A bleak smile tilted his generous mouth. “Hardly.”

He swung away from the window. He clearly couldn’t bear standing so close to her. Perhaps her gaudy clothing disgusted him. She hitched at her amber silk gown’s neckline but it remained as provocative as when she’d put it on upstairs. A clashing pink sash cinched it around her waist but she hadn’t been able to fix the loose bodice.

She’d turned the bedroom upside down seeking her widow’s weeds. No black bombazine, but she’d found plenty of gowns to make a cyprian blush. She lacked nothing a whore required for her trade. Slippers dyed to match the tasteless dresses. Drawers full of filmy underwear such as she’d never seen, even in her days at Marlow Hall.
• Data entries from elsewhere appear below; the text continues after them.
lemma is_source_restr:
  assumes src: "is_source X C D T Y c" and YZ: "Y \<subseteq> Z" and "Z \<subseteq> X"
  shows "is_source Z (restr C Z) (restr D Z) (T \<inter> Z) Y (c \<inter> Z)"
proof -
  have T: "T \<subseteq> X - Y" and cube_C: "cube T Y \<subseteq> C" and c: "c \<in> cube T Y"
    and Y: "Y \<in> shattered_sets X C - shattered_sets X D" and pat: "c \<inter> Y \<notin> restr D Y"
    using src unfolding is_source_def incomplete_cube_def is_cube_def by auto
  have "is_cube Z (T \<inter> Z) Y" using T YZ unfolding is_cube_def by auto
  moreover have "cube (T \<inter> Z) Y \<subseteq> restr C Z" using cube_restr[OF cube_C YZ] .
  moreover have "Y \<in> shattered_sets Z (restr C Z) - shattered_sets Z (restr D Z)"
    using Y YZ restr_shatters_iff[OF YZ, of C] restr_shatters_iff[OF YZ, of D]
    unfolding shattered_sets_def by simp
  moreover have "c \<inter> Z \<in> cube (T \<inter> Z) Y"
  proof -
    obtain W where "W \<subseteq> Y" "c = T \<union> W" using c unfolding mem_cube_iff by blast
    moreover from this have "c \<inter> Z = (T \<inter> Z) \<union> W" using YZ by auto
    ultimately show ?thesis unfolding mem_cube_iff by blast
  qed
  moreover have "(c \<inter> Z) \<inter> Y \<notin> restr (restr D Z) Y"
  proof -
    have "restr (restr D Z) Y = restr D Y" using YZ by (simp add: restr_restr Int_absorb1)
    moreover have "(c \<inter> Z) \<inter> Y = c \<inter> Y" using YZ by auto
    ultimately show ?thesis using pat by simp
  qed
  ultimately show ?thesis unfolding is_source_def incomplete_cube_def by blast
qed

definition source_support :: "'a set \<Rightarrow> 'a set set \<Rightarrow> 'a set set \<Rightarrow> 'a set \<Rightarrow> 'a set" where
  "source_support X C D c = (THE Y. \<exists>T. is_source X C D T Y c)"

locale sauer_tight_pair =
  fixes X :: "'a set" and C D :: "'a set set" and d :: nat
  assumes finite_X: "finite X" and d_pos: "1 \<le> d"
    and tight_C: "sauer_tight X C d" and tight_D: "sauer_tight X D (d - 1)"
    and D_subset_C: "D \<subseteq> C"
begin

lemma restr_pair:
  assumes "Z \<subseteq> X" shows "sauer_tight_pair Z (restr C Z) (restr D Z) d"
proof
  show "finite Z" using finite_subset[OF assms finite_X] .
  show "1 \<le> d" by (rule d_pos)
  show "sauer_tight Z (restr C Z) d" using sauer_tight_restr[OF finite_X tight_C assms] .
  show "sauer_tight Z (restr D Z) (d - 1)" using sauer_tight_restr[OF finite_X tight_D assms] .
  show "restr D Z \<subseteq> restr C Z" using restr_mono[OF D_subset_C] .
qed

lemma shattered_sets_Diff: "shattered_sets X C - shattered_sets X D = {Y. Y \<subseteq> X \<and> card Y = d}"
  using shattered_sets_sauer_tight[OF finite_X tight_C] shattered_sets_sauer_tight[OF finite_X tight_D] d_pos
  by auto

lemma is_source_iff:
  "is_source X C D T Y c \<longleftrightarrow>
     Y \<subseteq> X \<and> card Y = d \<and> T \<subseteq> X - Y \<and> cube T Y \<subseteq> C \<and> c \<in> cube T Y \<and> c \<inter> Y \<notin> restr D Y"
  unfolding is_source_def incomplete_cube_def is_cube_def shattered_sets_Diff by auto

lemma ex_source: assumes "Y \<subseteq> X" "card Y = d" shows "\<exists>c T. is_source X C D T Y c"
proof -
  obtain T where T: "T \<subseteq> X - Y" "cube T Y \<subseteq> C"
    using ex_cube_sauer_tight[OF finite_X tight_C assms] by blast
  have "Y \<notin> shattered_sets X D" using shattered_sets_Diff assms by blast
  then obtain P where P: "P \<subseteq> Y" "P \<notin> restr D Y"
    using assms(1) unfolding shattered_sets_def shatters_def restr_def by auto
  have "T \<union> P \<in> cube T Y" "(T \<union> P) \<inter> Y = P" using T(1) P(1) unfolding mem_cube_iff by auto
  then have "is_source X C D T Y (T \<union> P)" using T assms P unfolding is_source_iff by simp
  then show ?thesis by blast
qed

lemma card_Diff_eq_card_subsets: "card (C - D) = card {Y. Y \<subseteq> X \<and> card Y = d}"
proof -
  obtain d' where d': "d = Suc d'" using d_pos by (cases d) auto
  have "finite D" using finite_sauer_tight[OF finite_X tight_D] .
  then have "card (C - D) = card C - card D" using D_subset_C by (rule card_Diff_subset)
  also have "\<dots> = card X choose d" using tight_C tight_D unfolding sauer_tight_def d' by simp
  also have "\<dots> = card {Y. Y \<subseteq> X \<and> card Y = d}" using n_subsets[OF finite_X] by simp
  finally show ?thesis .
qed

lemma bij_betw_source_choice:
  assumes src: "\<And>Y. Y \<subseteq> X \<Longrightarrow> card Y = d \<Longrightarrow> \<exists>T. is_source X C D T Y (s Y)"
  shows "bij_betw s {Y. Y \<subseteq> X \<and> card Y = d} (C - D)"
proof (rule bij_betw_cube_sources[where T = "\<lambda>Y. s Y - Y"])
  show "finite C" using finite_sauer_tight[OF finite_X tight_C] .
  show "D \<subseteq> C" by (rule D_subset_C)
  show "finite {Y. Y \<subseteq> X \<and> card Y = d}" using finite_X by simp
  show "card (C - D) = card {Y. Y \<subseteq> X \<and> card Y = d}" by (rule card_Diff_eq_card_subsets)
  fix Y assume "Y \<in> {Y. Y \<subseteq> X \<and> card Y = d}"
  then obtain T where Y: "Y \<subseteq> X" and src_Y: "is_source X C D T Y (s Y)" using src by blast
  then have "T \<subseteq> X - Y" "cube T Y \<subseteq> C" "s Y \<in> cube T Y" "s Y \<inter> Y \<notin> restr D Y"
    unfolding is_source_iff by auto
  moreover have "T = s Y - Y" using is_source_imp_base_eq[OF src_Y] .
  ultimately show "finite Y" "(s Y - Y) \<inter> Y = {}" "cube (s Y - Y) Y \<subseteq> C" "s Y \<in> cube (s Y - Y) Y"
    "s Y \<inter> Y \<notin> restr D Y"
    using Y finite_X finite_subset by auto
next
  fix Y Y' assume "Y \<in> {Y. Y \<subseteq> X \<and> card Y = d}" "Y' \<in> {Y. Y \<subseteq> X \<and> card Y = d}"
  then show "card Y = card Y'" by simp
qed

definition source_choice :: "'a set \<Rightarrow> 'a set" where
  "source_choice Y = (SOME c. \<exists>T. is_source X C D T Y c)"

lemma source_choice_is_source: "Y \<subseteq> X \<Longrightarrow> card Y = d \<Longrightarrow> \<exists>T. is_source X C D T Y (source_choice Y)"
  unfolding source_choice_def by (rule someI_ex[OF ex_source])

lemma source_support_unique:
  assumes "is_source X C D T1 Y1 c" "is_source X C D T2 Y2 c" shows "Y1 = Y2"
proof -
  txt \<open>Every choice of sources is injective, including one that picks \<open>c\<close> at both supports.\<close>
  let ?s = "source_choice(Y1 := c, Y2 := c)"
  have "bij_betw ?s {Y. Y \<subseteq> X \<and> card Y = d} (C - D)"
    using source_choice_is_source assms by (intro bij_betw_source_choice) auto
  moreover have "Y1 \<in> {Y. Y \<subseteq> X \<and> card Y = d}" "Y2 \<in> {Y. Y \<subseteq> X \<and> card Y = d}"
    using assms unfolding is_source_iff by auto
  moreover have "?s Y1 = ?s Y2" by simp
  ultimately show ?thesis unfolding bij_betw_def by (blast dest: inj_onD)
qed

lemma ex_source_of_mem:
  assumes "c \<in> C - D" obtains T Y where "is_source X C D T Y c"
proof -
  have "c \<in> source_choice ` {Y. Y \<subseteq> X \<and> card Y = d}"
    using bij_betw_source_choice[OF source_choice_is_source] assms unfolding bij_betw_def by blast
  then show ?thesis using source_choice_is_source that by blast
qed

lemma ex1_source:
  assumes "c \<in> C - D" shows "\<exists>!(T, Y). is_source X C D T Y c"
proof -
  obtain T Y where src: "is_source X C D T Y c" using ex_source_of_mem[OF assms] .
  have uniq: "(T', Y') = (T, Y)" if src': "is_source X C D T' Y' c" for T' Y'
    using source_support_unique[OF src' src] is_source_imp_base_eq[OF src']
      is_source_imp_base_eq[OF src] by simp
  show ?thesis
  proof (rule ex1I[of _ "(T, Y)"])
    show "case (T, Y) of (T, Y) \<Rightarrow> is_source X C D T Y c" using src by simp
    fix p assume "case p of (T, Y) \<Rightarrow> is_source X C D T Y c"
    then show "p = (T, Y)" using uniq by (cases p) simp
  qed
qed

lemma source_support_eq:
  assumes "is_source X C D T Y c" shows "source_support X C D c = Y"
  unfolding source_support_def
proof (rule the_equality)
  show "\<exists>T. is_source X C D T Y c" using assms by blast
  fix Y' assume "\<exists>T. is_source X C D T Y' c"
  then obtain T' where "is_source X C D T' Y' c" by blast
  then show "Y' = Y" using assms by (rule source_support_unique)
qed

lemma is_source_source_support:
  assumes "c \<in> C - D" obtains T where "is_source X C D T (source_support X C D c) c"
proof -
  obtain T Y where src: "is_source X C D T Y c" using ex_source_of_mem[OF assms] .
  then show ?thesis using that source_support_eq[OF src] by simp
qed

lemma bij_betw_source_support:
  "bij_betw (source_support X C D) (C - D) {Y. Y \<subseteq> X \<and> card Y = d}"
proof -
  let ?Ds = "{Y. Y \<subseteq> X \<and> card Y = d}"
  have img: "source_choice ` ?Ds = C - D"
    using bij_betw_source_choice[OF source_choice_is_source] unfolding bij_betw_def by simp
  have support_choice: "source_support X C D (source_choice Y) = Y" if "Y \<in> ?Ds" for Y
    using source_choice_is_source that source_support_eq by blast
  show ?thesis
  proof (rule bij_betw_byWitness[where f' = source_choice])
    show "\<forall>c\<in>C - D. source_choice (source_support X C D c) = c"
      unfolding img[symmetric] using support_choice by auto
    show "source_support X C D ` (C - D) \<subseteq> ?Ds"
      unfolding img[symmetric] using support_choice by auto
    show "\<forall>Y\<in>?Ds. source_support X C D (source_choice Y) = Y" using support_choice by blast
    show "source_choice ` ?Ds \<subseteq> C - D" using img by simp
  qed
qed

lemma sources_separated:
  assumes a: "a \<in> C - D" and b: "b \<in> C - D" and "a \<noteq> b"
  defines "Z \<equiv> source_support X C D a \<union> source_support X C D b"
  shows "a \<inter> Z \<noteq> b \<inter> Z"
proof
  assume eq: "a \<inter> Z = b \<inter> Z"
  obtain Ta where src_a: "is_source X C D Ta (source_support X C D a) a"
    using is_source_source_support[OF a] .
  obtain Tb where src_b: "is_source X C D Tb (source_support X C D b) b"
    using is_source_source_support[OF b] .
  have supports_ne: "source_support X C D a \<noteq> source_support X C D b"
    using bij_betw_source_support a b \<open>a \<noteq> b\<close> unfolding bij_betw_def by (blast dest: inj_onD)
  have Z: "Z \<subseteq> X" using src_a src_b unfolding Z_def is_source_iff by auto
  then interpret Z: sauer_tight_pair Z "restr C Z" "restr D Z" d by (rule restr_pair)
  have "is_source Z (restr C Z) (restr D Z) (Ta \<inter> Z) (source_support X C D a) (a \<inter> Z)"
    using is_source_restr[OF src_a _ Z] unfolding Z_def by blast
  moreover have "is_source Z (restr C Z) (restr D Z) (Tb \<inter> Z) (source_support X C D b) (a \<inter> Z)"
    using is_source_restr[OF src_b _ Z] eq unfolding Z_def by auto
  ultimately have "source_support X C D a = source_support X C D b" by (rule Z.source_support_unique)
  with supports_ne show False by contradiction
qed

lemma source_separated_from_D:
  assumes a: "a \<in> C - D" and b: "b \<in> D"
  shows "a \<inter> (source_support X C D a \<union> R) \<noteq> b \<inter> (source_support X C D a \<union> R)"
proof
  let ?Y = "source_support X C D a"
  assume "a \<inter> (?Y \<union> R) = b \<inter> (?Y \<union> R)"
  then have "a \<inter> ?Y = b \<inter> ?Y" by blast
  moreover obtain T where "is_source X C D T ?Y a" using is_source_source_support[OF a] .
  ultimately have "b \<inter> ?Y \<notin> restr D ?Y" unfolding is_source_iff by simp
  then show False using b unfolding restr_def by blast
qed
A coffer overflowing with cheap jewelry. Boxes of cosmetics.

She’d also found a chest of the marquess’s clothes.

There was something unbearably intimate, almost marital, in having his personal belongings under her hand. As if he could pop in at any time to select tonight’s shirt or neckcloth. She’d quickly slammed the lid down on the neatly folded attire. The idea of him making free of her bedroom wasn’t quite so easy to shut away.

After a long search, this tent of a dress was the best she’d come up with. It threatened to slide off into a slippery pile, leaving her clad in only her shift. She could just imagine how the marquess would turn his well-bred nose up at that.

Why should she care for his approval? They were strangers flung together in an impossible situation. Whether he liked her was irrelevant. Already she spent too much time thinking of him in ways she shouldn’t.

Running the farm, she’d dealt with men from dawn to dusk. Workmen, farmers, tradesmen, merchants. She was used to men. Why was she in such a flutter over this particular one?